Commit bb0a1163 authored by Davis King's avatar Davis King

Added the how to contribute page.

--HG--
extra : convert_revision : svn%3Afdd8eb12-d10e-0410-9acb-85c331704f74/trunk%402799
parent 567b807e
<?xml version="1.0" encoding="ISO-8859-1"?>
<?xml-stylesheet type="text/xsl" href="stylesheet.xsl"?>
<doc>
<title>How to Contribute</title>
<!-- ************************************************************************* -->
<body>
<br/><br/>
<!-- **************************** EASY CONTRIBUTIONS **************************** -->
There are some simple ways to contribute to dlib:
<ul>
<li> You could make a dlib logo </li>
<li> Find confusing or incorrect documentation </li>
<li> Help make the web page prettier </li>
<li> Link to dlib from your web page </li>
<li> Add yourself or your project to the list of
<a href="http://dclib.wiki.sourceforge.net/dlib_users">dlib users</a> </li>
<li> Try to compile the dlib regression test suite on any platforms you
have access to </li>
</ul>
<!-- **************************** CODE CONTRIBUTIONS **************************** -->
Code contributions are also welcome, however, you should read over the coding guidelines below
and try to follow them. It is also probably a good idea to read the books Effective C++ and
More Effective C++ by Scott Myers. And as always, feel free to contact me if you have any questions.
<h2>Coding Guidelines</h2>
1. <a href="#1">Use Design by Contract</a><br/>
2. <a href="#2">Use spaces instead of tabs.</a><br/>
3. <a href="#3">Use the standard C++ naming convention</a><br/>
4. <a href="#4">Use RAII</a><br/>
5. <a href="#5">Don't use pointers</a><br/>
6. <a href="#6">Don't use #define for constants.</a><br/>
7. <a href="#7">Don't use stack based arrays.</a><br/>
8. <a href="#8">Use exceptions, but don't abuse them</a><br/>
9. <a href="#9">Write portable code</a><br/>
10. <a href="#10">Setup regression tests</a><br/>
11. <a href="#11">Use the Boost Software License</a><br/>
<ul>
<!-- **************************** -->
<anchor>1</anchor>
<li> <h3> Apply Design by Contract to Your Code </h3>
<ul><p>
The most important part of a software library isn't the code, it is the set
of interfaces the library exposes to the user. These interfaces need to be easy
to use right, and hard to use wrong. The only way this
happens is if the interfaces are documented in a simple, consistent, and precise way.
</p>
<p>
The name for the way I design and document these interfaces is known as
Design by Contract. There is a lot that can be said about Design by Contract, in fact,
whole books have been written about it, and programming languages exist which
use Design by Contract as a central element. Here I will just go over some
of the basic ways it is used in dlib as well some of the reasons why it is a Good Thing.
</p>
<li> <b>Functions should have documented preconditions which are programmatically verifiable</b>
<ul>
<p>
Many functions have a set of requirements or preconditions that need to be satisfied
if they are to be used. If these requirements are not satisfied
when a function is called then the function will not do what it is supposed to do. Moreover,
any piece of software that calls a function but doesn't make sure all preconditions
are satisfied contains a bug, <i>by definition</i>.
</p>
<p>
This means all functions must precisely document their preconditions if they are to be
usable. In fact, all preconditions should be programmatically verifiable. Doing this
has a number of benefits. First, it means they are unambiguous. English
can be confusing and vague, but saying "<tt>some_predicate == true</tt>" uses a
formal language, C++, that we all should understand quite well. Second, it means
you can put checks into the code that will catch <i>all</i> usage errors.
</p>
<p>
These checks should always be implemented using
<a href="metaprogramming.html#DLIB_ASSERT">DLIB_ASSERT</a> or
<a href="metaprogramming.html#DLIB_CASSERT">DLIB_CASSERT</a> and they should always
cover all preconditions.
These macros take a boolean argument and if it is false they throw dlib::fatal_error. So
you can use them to check that all your preconditions are true. Also, don't forget that
a violated function precondition indicates a bug in a program.

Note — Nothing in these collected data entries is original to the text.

theorem lemma4p2:
  fixes V :: "'a set" and E :: "'a \<Rightarrow> 'a \<Rightarrow> bool" and L k :: nat
  assumes "simple_graph V E"
    and "connected_graph V E"
    and "\<exists>u :: nat \<Rightarrow> 'a. (\<forall>j\<in>{1..L}. u j \<in> V) \<and>
           (\<forall>v\<in>V. \<exists>j\<in>{1..L}. gdist E (u j) v \<le> k)"
  shows "can_localise V E (4 * L + k) (2 * L)"
proof -
  obtain u where uV: "\<forall>j\<in>{1..L}. u j \<in> V" and cover: "\<forall>v\<in>V. \<exists>j\<in>{1..L}. gdist E (u j) v \<le> k"
    using assms(3) by blast
  have "1 \<le> L"
    using assms(2) cover by (fastforce simp: connected_graph_def)
  define u' where "u' j = u (if j \<in> {1..L} then j else 1)" for j
  have "range u' \<subseteq> V"
    using uV \<open>1 \<le> L\<close> by (auto simp: u'_def)
  moreover have "\<forall>v\<in>V. \<exists>i\<le>L - 1. gdist E (u' (i + 1)) v \<le> k"
  proof
    fix v
    assume "v \<in> V"
    then obtain j where "j \<in> {1..L}" and "gdist E (u j) v \<le> k"
      using cover by blast
    then show "\<exists>i\<le>L - 1. gdist E (u' (i + 1)) v \<le> k"
      by (intro exI[of _ "j - 1"]) (auto simp: u'_def)
  qed
  ultimately have "can_localise V E (k + 2 * (L - 1)) (2 * (L - 1) + 1)"
    by (rule can_localise_sweep[OF assms(2)])
  then show ?thesis
    by (rule can_localise_mono) (use \<open>1 \<le> L\<close> in simp_all)
qed

end
lemma no_essential_edge_at_acyclic_side:
  assumes e: "e \<in> E" "\<not> on_cycle E ends e" "ends e = {x, y}"
    and acyclic: "\<not> component_has_cycle (E - {e}) ends x"
    and f: "f \<in> E - {e}" "u \<in> ends f" and "reach (E - {e}) ends x u"
  shows "\<not> essential_edge E ends f"
proof -
  have acyclic_from_u: "\<not> component_has_cycle (E - {e}) ends w" if "reach (E - {e}) ends u w" for w
    using that acyclic component_has_cycle_reach reach_trans \<open>reach (E - {e}) ends x u\<close> by metis
  have not_on_cycle: "\<not> on_cycle E ends f"
  proof
    assume "on_cycle E ends f"
    then obtain cvs ces where cyc: "is_cycle E ends cvs ces" "f \<in> set ces"
      unfolding on_cycle_def by blast
    then have "component_has_cycle (E - {e}) ends u"
      using is_cycle_Diff_non_cycle_edge[OF cyc(1) e(2)] cycle_edge_ends_in_cycle f(2)
        component_has_cycleI reach.reach_refl by metis
    then show False using acyclic_from_u[OF reach.reach_refl] by blast
  qed
  have f_joins_cycle_sides: "reach (E - {f}) ends a b"
    if ab: "ends f = {a, b}" and cycles: "component_has_cycle (E - {f}) ends a"
      "component_has_cycle (E - {f}) ends b" for a b
  proof -
    have "ends f = {b, a}" using ab by (simp add: insert_commute)
    then have "reach (E - {e}) ends a b" "reach (E - {e}) ends b a"
      using reach_edge[of f "E - {e}" ends a b] reach_edge[of f "E - {e}" ends b a] f(1) ab
      by blast+
    moreover have "u = a \<or> u = b" using f(2) ab by blast
    ultimately have "reach (E - {e}) ends u a" "reach (E - {e}) ends u b"
      using reach.reach_refl by metis+
    then have "\<not> component_has_cycle (E - {e}) ends a" "\<not> component_has_cycle (E - {e}) ends b"
      using acyclic_from_u by blast+
    then obtain za zb where za: "za \<in> ends e" "reach (E - {f}) ends a za"
      and zb: "zb \<in> ends e" "reach (E - {f}) ends b zb"
      using component_with_cycle_reaches_non_cycle_edge[OF cycles(1) _ e(2)]
        component_with_cycle_reaches_non_cycle_edge[OF cycles(2) _ e(2)] by blast
    have "e \<in> E - {f}" using e(1) f(1) by blast
    then have "reach (E - {f}) ends x y" using e(3) reach_edge[of e "E - {f}" ends x y] by blast
    moreover note reach_sym[OF this]
    moreover have "za \<in> {x, y}" "zb \<in> {x, y}" using za(1) zb(1) e(3) by simp_all
    ultimately have "reach (E - {f}) ends za zb" by (auto intro: reach.reach_refl)
    then show ?thesis using reach_trans[OF reach_trans[OF za(2)] reach_sym[OF zb(2)]] by blast
  qed
  show ?thesis using not_on_cycle f_joins_cycle_sides by (rule not_essential_edgeI)
qed

lemma essential_vertex_side_has_cycle:
  assumes "essential_vertex V E ends u"
    and "e \<in> E" "\<not> on_cycle E ends e" "ends e = {x, y}" "x \<noteq> y"
    and "reach (E - {e}) ends x u"
  shows "component_has_cycle (E - {e}) ends x"
proof (rule ccontr)
  assume "\<not> component_has_cycle (E - {e}) ends x"
  then have "f = e" if "f \<in> E" "essential_edge E ends f" "u \<in> ends f" for f
    using no_essential_edge_at_acyclic_side[OF assms(2-4) _ _ _ assms(6)] that by blast
  then have "{f \<in> E. essential_edge E ends f \<and> u \<in> ends f} \<subseteq> {e}" by blast
  then have "essential_incidences E ends u \<le> (\<Sum>f\<in>{e}. if ends f = {u} then 2 else 1)"
    unfolding essential_incidences_def by (intro sum_mono2) auto
  also have "\<dots> = 1" using assms(4,5) by auto
  finally show False using assms(1) unfolding essential_vertex_def by simp
qed

theorem lemma5p3:
  fixes V :: "'v set" and E :: "'e set" and ends :: "'e \<Rightarrow> 'v set"
  assumes "multigraph V E ends"
    and "essential_vertex V E ends u" and "essential_vertex V E ends v" and "u \<noteq> v"
    and "simple_path E ends vs es u v"
  shows "\<forall>e\<in>set es. essential_edge E ends e"
proof
  fix e assume "e \<in> set es"
  then obtain i where i: "i < length es" "e = es ! i" by (metis in_set_conv_nth)
  define x y where "x = vs ! i" and "y = vs ! Suc i"
  have e: "e \<in> E" "ends e = {x, y}" "x \<noteq> y"
    using assms(5) i unfolding simple_path_def x_def y_def by (auto simp: nth_eq_iff_index_eq)
  have sides: "reach (E - {e}) ends x u" "reach (E - {e}) ends y v"
    using simple_path_edge_sides[OF assms(5) i(1)] i(2) x_def y_def by simp_all
  show "essential_edge E ends e"
  proof (cases "on_cycle E ends e")
    case True
    then show ?thesis using e(1) unfolding essential_edge_def by simp
  next
    case False
    have "\<not> reach (E - {e}) ends x y"
      using non_cycle_edge_is_bridge[of e E ends x y] e False by blast
    moreover have "component_has_cycle (E - {e}) ends x"
      using essential_vertex_side_has_cycle[of V E ends u e x y] assms(2) e False sides(1) by blast
    moreover have "component_has_cycle (E - {e}) ends y"
      using essential_vertex_side_has_cycle[of V E ends v e y x] assms(3) e False sides(2)
      by (simp add: insert_commute)
    ultimately show ?thesis
      using e unfolding essential_edge_def by (intro conjI disjI2 exI[of _ x] exI[of _ y]) simp_all
  qed
qed

end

That is, when dlib::fatal_error is thrown it means a bug has been found and the only thing
an application can do at that point is print an error message and terminate.
In fact, dlib::fatal_error has checks in it to make sure someone doesn't catch the
exception and ignore it. These checks will abruptly terminate any program that attempts
to ignore fatal errors.
</p>
<p>
The above considerations bring me to my next bit of advice. Developers new to Design by Contract
often think input validation should be part of a function's preconditions.
They then complain that labeling invalid program input as a bug, throwing fatal_error, and
terminating the application is a very bad thing. They are right, that would be a bad thing
and you should not write software that behaves that way. The way out of this problem is, of
course, to not consider invalid input a bug. Instead, you should perform explicit input validation
on any
data coming into your program <i>before</i> it gets to any functions that have preconditions
which demand the validated inputs. Moreover, if you make your preconditions programmatically verifiable
then it should be easy to validate any inputs by simply using whatever it is you
use to check your preconditions.
</p>
<p>
Consider the function <a href="algorithms.html#cross_validate_trainer">cross_validate_trainer</a> as an
example. One of its requirements is that the input forms a valid binary classification problem.
This is documented in the list of preconditions as
"<tt>is_binary_classification_problem(x,y) == true</tt>". This precondition is just saying
that when you call
the <tt>is_binary_classification_problem</tt> function on the x and y inputs it had better return true
if you want to use those inputs with the <tt>cross_validate_trainer</tt> function.
Given this information it is trivial to perform input validation. All you have to do is
call <tt>is_binary_classification_problem</tt> on your input data and you are done.
</p>
<p>
Using the above technique you have validated your inputs, documented your preconditions, and are
buffered by DLIB_ASSERT statements that will catch you if you accidentally forget to validate any
inputs.
</p>
<p>The thing to understand here is that
a violation of a function's preconditions means you have a bug on your hands. Or in other words,
you should never intentionally violate any function preconditions. But of course
it will happen from time to time because bugs are unavoidable. But at least with
this approach you will get a detailed error message early in development rather than a
mysterious segmentation fault days or weeks later.
</p>
</ul></li>
<li> <b>Functions should have documented postconditions </b>
<ul><p>
I don't have nearly as much to say about postconditions as I did about function requirements. You should
strive to write programmatically verifiable postconditions because that makes your postconditions
more precise. However, it is sometimes the case that this isn't practical and that is fine.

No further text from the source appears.